The OFR section does not have to be made of partially transparent material and can be made of a suitable polymer or metal 17.

When sufficient contacting has taken place and the biolipids from the algae have been removed and enter the liquid solvent phase, the OFR section terminates 7 and enters a settling' section 10.

Laminar flow is encouraged within the settling section.

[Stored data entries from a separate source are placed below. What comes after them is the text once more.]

(* Let $\beta_1,\dots,\beta_d$, $\bar{\mu}$, $\lambda$ and $R_n$ be as in the context, and assume $\lambda<\frac{4}{|\beta_1\cdots\beta_d|}$. Then $\bar{\mu}(R_n)$ grows exponentially in $n$, i.e. there exist $c>0$ and $\rho>1$ such that $\bar{\mu}(R_n)\ge c\rho^n$ for all $n\in\mathbb{N}$.
   Context: Let $\beta\in(1,2)$ be an algebraic integer none of whose Galois conjugates has modulus $1$. List all its Galois conjugates (both members of each complex-conjugate pair) as $\beta=\beta_1,\dots,\beta_d,\beta_{d+1},\dots,\beta_{d+s},\beta_{d+s+1}$, where $|\beta_1|,\dots,|\beta_d|>1$, $|\beta_{d+1}|,\dots,|\beta_{d+s}|<1$, and $\beta_{d+s+1}$ is real with $|\beta_{d+s+1}|>1$. For $z\in\mathbb{C}$ let $\mathbb{F}_z=\mathbb{R}$ if $z\in\mathbb{R}$ and $\mathbb{C}$ otherwise; let $\bar{\mathbb{K}}=\prod_{j=1}^{d+s+1}\mathbb{F}_{\beta_j}$ and $\bar{\beta}^n=(\beta_1^n,\dots,\beta_{d+s+1}^n)$. Let $\pi_e(x)=(x_1,\dots,x_d)$ and $\pi_{free}(x)=x_{d+s+1}$. For $j\le d$ let $I_{\beta_j}=[-\frac{1}{\beta_j-1},\frac{1}{\beta_j-1}]$ if $\beta_j>1$, $I_{\beta_j}=\{x\in\mathbb{R}:|x|\le\frac{2}{|\beta_j|-1}\}$ if $\beta_j<-1$, $I_{\beta_j}=\{z\in\mathbb{C}:|z|\le\frac{2}{|\beta_j|-1}\}$ if $\beta_j\notin\mathbb{R}$; $I=\prod_{j\le d}I_{\beta_j}$ and $S=\{x\in\bar{\mathbb{K}}:\pi_e(x)\in I\}$. Let $\bar{X}=\{\sum_{i=1}^n a_i\bar{\beta}^{n-i}:n\in\mathbb{N},a_i\in\{-1,0,1\}\}\cap S$. For $n\ge1$ and $x\in S$ let $\bar{\mu}_n(\{x\})=\#\{(a,b)\in\{0,1\}^n\times\{0,1\}^n:\sum_{i=1}^n(a_i-b_i)\bar{\beta}^{n-i}=x\}$. It is known (from earlier work of the authors) that there exist $\lambda>1$ and $f:\bar{X}\to(0,\infty)$ with $\lambda^{-n}\bar{\mu}_n(\{x\})\to f(x)$ for every $x\in\bar{X}$, and that $0<f(x)\le f(0)$; let $\bar{\mu}=\sum_{x\in\bar{X}}f(x)\delta_x$. For $n\ge0$ let $R_n=\{x\in\bar{X}:|\pi_{free}(x)|\le\sum_{i=0}^{n-1}|\beta_{d+s+1}|^i\}$. *)

theory Defs
  imports "HOL-Analysis.Analysis" "HOL-Computational_Algebra.Computational_Algebra"
begin

text \<open>Conjugates of beta are given as a list bs of complex numbers,
  bs ! j corresponding to beta_(j+1). Points of the product space are
  represented as functions nat => complex (coordinate j for j < length bs).\<close>

definition conj_setup :: "real \<Rightarrow> complex list \<Rightarrow> nat \<Rightarrow> nat \<Rightarrow> bool" where
  "conj_setup \<beta> bs d s \<longleftrightarrow>
     (\<exists>p :: int poly. lead_coeff p = 1 \<and> irreducible p \<and>
        distinct bs \<and> set bs = {z. poly (map_poly of_int p) z = 0}) \<and>
     length bs = d + s + 1 \<and> bs ! 0 = complex_of_real \<beta> \<and>
     (\<forall>z\<in>set bs. norm z \<noteq> 1) \<and>
     (\<forall>j<d. norm (bs ! j) > 1) \<and>
     (\<forall>j. d \<le> j \<and> j < d + s \<longrightarrow> norm (bs ! j) < 1) \<and>
     bs ! (d + s) \<in> \<real> \<and> norm (bs ! (d + s)) > 1"

definition conj_vec :: "complex list \<Rightarrow> int list \<Rightarrow> nat \<Rightarrow> complex" where
  "conj_vec bs a = (\<lambda>j. if j < length bs then
      (\<Sum>i<length a. of_int (a ! i) * (bs ! j) ^ (length a - 1 - i)) else 0)"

The immiscible solvent, containing the biolipids, and culture mixture (water, nutrient and cells) forms two distinct layers that exit the process unit 9.

Claims (5)

1. Claims 1. A photobioreactor solvent extraction process unit that

   promotes/encourages growth of biological entities that produce biolipids, disrupts biological entities to liberate biolipids and then removes said biolipids via solvent extraction from the biological entities, after the biological entities have reached a desirable concentration.
2. 2. A photobioreactor solvent extraction process unit according to claim 1 that is constructed and operated in a direct hybrid plug flow reactor (PFR) and oscillatory flow reactor (OFR) configuration.
3. 3. A photobioreactor solvent extraction process unit according to claims 1 & 2 that has a side entry contacting pattern/delivery system for the extracting solvent.
4. 4. A photobioreactor solvent extraction process unit as according to claim 1, 2, & 3 that has a variable transparency PFR section to negate the phenomenon of phototroph photoinhibition.
5. 5. A photobioreactor solvent extraction process unit as according to claim 4 that incorporates baffles in the OFR section to promote turbulent flow and increase contacting efficiency and has a generic support structure.